The DPS system will consist of a Windows Server 2003 computer equipped with a large amount of disk storage and running the DPS software, plus DPS agents running on each server it protects.

The agents will monitor and copy byte-level changes to the files on the production servers, then periodically replicate only changed data to the DPS server, which will store it in a large disk-based repository. The VSS system on the DPS computer will take periodic (e.g., hourly) snapshots of its file system. Because VSS storage only grows by the amount of data that has changed, Microsoft claims that to keep 90 days of data on the DPS computer, it will require only two to three times more disk storage than the sum of the data of all the servers it protects.
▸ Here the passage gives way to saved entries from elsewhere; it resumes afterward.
definition simple_graph :: "'a graph \<Rightarrow> bool" where
  "simple_graph G \<longleftrightarrow> finite (verts G)
     \<and> (\<forall>u v. adj G u v \<longrightarrow> u \<in> verts G \<and> v \<in> verts G)
     \<and> (\<forall>u v. adj G u v \<longrightarrow> adj G v u)
     \<and> (\<forall>u. \<not> adj G u u)"

definition dominating_set :: "'a graph \<Rightarrow> 'a set \<Rightarrow> bool" where
  "dominating_set G D \<longleftrightarrow> D \<subseteq> verts G
     \<and> (\<forall>v\<in>verts G. v \<in> D \<or> (\<exists>u\<in>D. adj G u v))"

definition domination_number :: "'a graph \<Rightarrow> nat" where
  "domination_number G = (LEAST m. \<exists>D. dominating_set G D \<and> card D = m)"

definition min_dominating_set :: "'a graph \<Rightarrow> 'a set \<Rightarrow> bool" where
  "min_dominating_set G D \<longleftrightarrow> dominating_set G D \<and> card D = domination_number G"

definition delete_vertex :: "'a graph \<Rightarrow> 'a \<Rightarrow> 'a graph" where
  "delete_vertex G v = (verts G - {v}, \<lambda>x y. adj G x y \<and> x \<noteq> v \<and> y \<noteq> v)"

definition cycle_graph :: "nat \<Rightarrow> nat graph" where
  "cycle_graph n = ({0..<n}, \<lambda>i j. i < n \<and> j < n \<and> (j = (i + 1) mod n \<or> i = (j + 1) mod n))"

definition class_H :: "nat \<Rightarrow> 'a graph \<Rightarrow> bool" where
  "class_H k H \<longleftrightarrow> simple_graph H
     \<and> domination_number H = k + 1
     \<and> (\<forall>v\<in>verts H. domination_number (delete_vertex H v) = k)
     \<and> (\<forall>x\<in>verts H. \<forall>y\<in>verts H. \<exists>D. min_dominating_set H D \<and> x \<in> D \<and> y \<in> D)"

definition sierpinski_product :: "'a graph \<Rightarrow> 'b graph \<Rightarrow> ('a \<Rightarrow> 'b) \<Rightarrow> ('a \<times> 'b) graph" where
  "sierpinski_product G H f =
     (verts G \<times> verts H,
      \<lambda>x y. (fst x = fst y \<and> fst x \<in> verts G \<and> adj H (snd x) (snd y))
          \<or> (adj G (fst x) (fst y) \<and> snd x = f (fst y) \<and> snd y = f (fst x)))"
Since the data on DPS will consist of replicas, organizations will be able to make tape backups of the DPS server data at any time without affecting production servers. DPS-enabled tape backup products will be available from vendors such as Computer Associates and CommVault. The DPS server will be able to perform as the tape backup server or run a remote backup agent that copies selected snapshots to a separate backup server over the network, which can also be separated from the production network.

DPS will provide an administrative interface to configure policy options, schedules, replication settings, and so on. One attractive option: end users will be able to use Windows Explorer extensions for Windows XP and Windows 2000 Workstation, or "File Open" dialog boxes in Office 2003, to connect to the DPS server, navigate to the replica of the server they need to restore data from, and copy or open snapshots of any files for which they have read permissions.

(For a graphical illustration of the way the system works, see "Data Protection Server System Architecture".)

Serious Limitations in First Release

DPS is not intended to replace tape backup. Tape is still needed for offsite data storage for disaster-recovery purposes and to meet requirements for long-term data retention and archival policies that conform to government regulations.

Although the need for tape is by design, the first edition of DPS has other limitations that will reduce its overall appeal for many customers. DPS can replicate normal files only, which excludes live databases such as Exchange, SQL Server, and the Windows Registry. Because it cannot store the system state contained in the Registry and several other OS files, DPS cannot be the sole means of backing up a server, so the servers still must run tape backup agents to capture this information and send it to a tape backup server.

While organizations might be tempted to use DPS to back up servers in remote locations via their WAN, DPS imposes another restriction: the server being backed up and the DPS server must reside in the same Active Directory domain. This means that organizations that built forest-level structures with separate domains for their remote locations cannot consolidate backup to a central DPS computer.

Microsoft intends to rectify these limitations in future editions.

Resources

Preliminary information on DPS can be found at www.microsoft.com/windowsserversystem/dps.